Seine Hand fuhr in seine Hosentasche, fand ein schlankes Werkzeug darin und steckte dies so vorsichtig ins Schloss, dass der Mann am Kamin keinen Schimmer haben konnte von der nahenden Gefahr. Das leise Klicken wurde vom prasselnden Regen verschluckt. Aus dem Dunkeln näherte sich der zweite Bucklige, mit gezogener Waffe.

Hollis fühlte den kalten Windhauch an seinem Hinterkopf und nahm das Geräusch des Regens nun stärker als zuvor wahr. Schnell erhob er sich und wandte sich der Terrassentür zu.

Dann blieb er stehen. Seine Augen verengten sich zu dünnen Schlitzen, seine Lippen verhärteten sich. Hollis war kein Feigling. Sogar diese beiden unheimlichen Gestalten, die ihm mit gezogenen Waffen gegenüberstanden, ließen sein Herz nur leicht schneller schlagen.

„Einbrecher, eh“, sagte er kalt. „Okay, was wollen Sie?“

„Setzen Sie sich“, befahl einer der Männer barsch. „Seien Sie klug und Ihnen passiert nichts.

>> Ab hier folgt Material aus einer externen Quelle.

definition left_ordering :: "('g, 'm) monoid_scheme \<Rightarrow> ('g \<Rightarrow> 'g \<Rightarrow> bool) \<Rightarrow> bool" where
  "left_ordering G lt \<longleftrightarrow>
     (\<forall>x y. lt x y \<longrightarrow> x \<in> carrier G \<and> y \<in> carrier G) \<and>
     (\<forall>x \<in> carrier G. \<not> lt x x) \<and>
     (\<forall>x \<in> carrier G. \<forall>y \<in> carrier G. \<forall>z \<in> carrier G. lt x y \<longrightarrow> lt y z \<longrightarrow> lt x z) \<and>
     (\<forall>x \<in> carrier G. \<forall>y \<in> carrier G. x \<noteq> y \<longrightarrow> lt x y \<or> lt y x) \<and>
     (\<forall>g \<in> carrier G. \<forall>x \<in> carrier G. \<forall>y \<in> carrier G.
        lt x y \<longrightarrow> lt (g \<otimes>\<^bsub>G\<^esub> x) (g \<otimes>\<^bsub>G\<^esub> y))"

definition convex_subgroup_wrt :: "('g, 'm) monoid_scheme \<Rightarrow> ('g \<Rightarrow> 'g \<Rightarrow> bool) \<Rightarrow> 'g set \<Rightarrow> bool" where
  "convex_subgroup_wrt G lt H \<longleftrightarrow>
     (\<forall>f1 \<in> H. \<forall>f2 \<in> H. \<forall>h \<in> carrier G. lt f1 h \<longrightarrow> lt h f2 \<longrightarrow> h \<in> H)"

definition conradian :: "('g, 'm) monoid_scheme \<Rightarrow> ('g \<Rightarrow> 'g \<Rightarrow> bool) \<Rightarrow> bool" where
  "conradian G lt \<longleftrightarrow>
     (\<forall>f \<in> carrier G. \<forall>g \<in> carrier G. lt \<one>\<^bsub>G\<^esub> f \<longrightarrow> lt \<one>\<^bsub>G\<^esub> g \<longrightarrow>
        (\<exists>n::nat. n \<ge> 1 \<and> lt g (f \<otimes>\<^bsub>G\<^esub> (g [^]\<^bsub>G\<^esub> n))))"

definition initial_segment :: "'w set \<Rightarrow> 'w rel \<Rightarrow> 'w set \<Rightarrow> bool" where
  "initial_segment \<Omega> W \<Omega>0 \<longleftrightarrow> \<Omega>0 \<subseteq> \<Omega> \<and> (\<forall>x \<in> \<Omega>0. \<forall>y \<in> \<Omega>. (y, x) \<in> W \<longrightarrow> y \<in> \<Omega>0)"

definition pointwise_stabilizer :: "('g, 'm) monoid_scheme \<Rightarrow> ('g \<Rightarrow> 'w \<Rightarrow> 'w) \<Rightarrow> 'w set \<Rightarrow> 'g set" where
  "pointwise_stabilizer G \<phi> \<Omega>0 = {g \<in> carrier G. \<forall>x \<in> \<Omega>0. \<phi> g x = x}"

definition strict_rel :: "'w rel \<Rightarrow> 'w \<Rightarrow> 'w \<Rightarrow> bool" where
  "strict_rel r x y \<longleftrightarrow> (x, y) \<in> r \<and> x \<noteq> y"

definition is_crossing ::
  "('g, 'm) monoid_scheme \<Rightarrow> 'w set \<Rightarrow> 'w rel \<Rightarrow> ('g \<Rightarrow> 'w \<Rightarrow> 'w) \<Rightarrow> 'g \<Rightarrow> 'g \<Rightarrow> 'w \<Rightarrow> 'w \<Rightarrow> 'w \<Rightarrow> bool" where
  "is_crossing G \<Omega> r \<phi> f g u v w \<longleftrightarrow>
     f \<in> carrier G \<and> g \<in> carrier G \<and> u \<in> \<Omega> \<and> v \<in> \<Omega> \<and> w \<in> \<Omega> \<and>
     strict_rel r u w \<and> strict_rel r w v \<and>
     (\<forall>n::nat. strict_rel r (\<phi> (g [^]\<^bsub>G\<^esub> n) u) v \<and> strict_rel r u (\<phi> (f [^]\<^bsub>G\<^esub> n) v)) \<and>
     (\<exists>(M::nat) (N::nat). strict_rel r (\<phi> (f [^]\<^bsub>G\<^esub> N) v) w \<and> strict_rel r w (\<phi> (g [^]\<^bsub>G\<^esub> M) u))"

end

theory Submission
  imports Defs
begin

(* Order G dynamically: g \<noteq> 1 is positive iff it moves upwards the \<le>*-least point c that it
   moves, c < g c. Faithfulness makes g or g\<inverse> positive, and a product of positive elements is
   positive at the \<le>*-smaller of their first moved points, so the positive elements are the cone
   of a left-ordering. If h moves a point of an initial segment \<Omega>0, its first moved point lies in
   \<Omega>0, where multiplying h by an element fixing \<Omega>0 does not change the sign; hence h cannot lie
   between two elements of the stabilizer of \<Omega>0. Finally, let f, g > 1. If f moves a point
   \<le>*-before g does, then g < f g. Otherwise, if also f g\<^sup>2 < g, then with b the first moved
   point of g, the elements f, f g and the points b < f g b < g b form a crossing. *)

definition cone_order :: "('g, 'm) monoid_scheme \<Rightarrow> 'g set \<Rightarrow> 'g \<Rightarrow> 'g \<Rightarrow> bool" where
  "cone_order G P a b \<longleftrightarrow> a \<in> carrier G \<and> b \<in> carrier G \<and> inv\<^bsub>G\<^esub> a \<otimes>\<^bsub>G\<^esub> b \<in> P"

Wenn Sie irgendwelche Tricks versuchen, blasen wir Ihnen die Birne weg.“

Hollis wich langsam zurück, vorbei an zwei oder drei Sesseln, bis er am Drehstuhl hinter seinem Schreibtisch angekommen war. Wenn die beiden ihn an einen Stuhl fesseln sollten, sollte es dieser sein. In Hollis’ Kopf arbeitete es blitzschnell. Ihm war nicht entgangen, dass beide Eindringlinge einen Buckel hatten und er kalkulierte mit kühlem Kopf, dass gleich zwei Einbrecher mit einem solchen Gebrechen einen fast zu großen Zufall darstellten. Vor allem, da es sich um einen so offensichtlichen Makel handelte.

Sie benutzten die seidenen Bänder, mit denen die Vorhänge arretiert werden, um ihn zu fesseln, und leisteten dabei ganze Arbeit. Einen Knebel verpassten sie ihm nicht. Einer der Einbrecher berührte mit der Mündung seiner Waffe Hollis’ Schläfe.

„Verraten Sie uns die Kombination Ihres Safes, Bruder, und wo er sich versteckt.“

Hollis verriet ihnen die Kombination und zeigte in die Richtung, wo sie den Safe finden würden. Er sah ihnen beim Öffnen zu, wie sie den Schrank ausräumten und einen samtenen Sack mit Aktienscheinen, Bargeld und Schmuck füllten.

Die gesamte Beute belief sich wahrscheinlich auf 10.000 Dollar, alles versichert. Hollis beging nicht den Fehler, zu versuchen, nach Hilfe zu rufen. Etwas am Auftreten der beiden Männer verriet ihm, dass er es mit geborenen Killern zu tun hatte, mit nicht einmal einem Quäntchen Erbarmen hinter ihrem vermummten Äußeren.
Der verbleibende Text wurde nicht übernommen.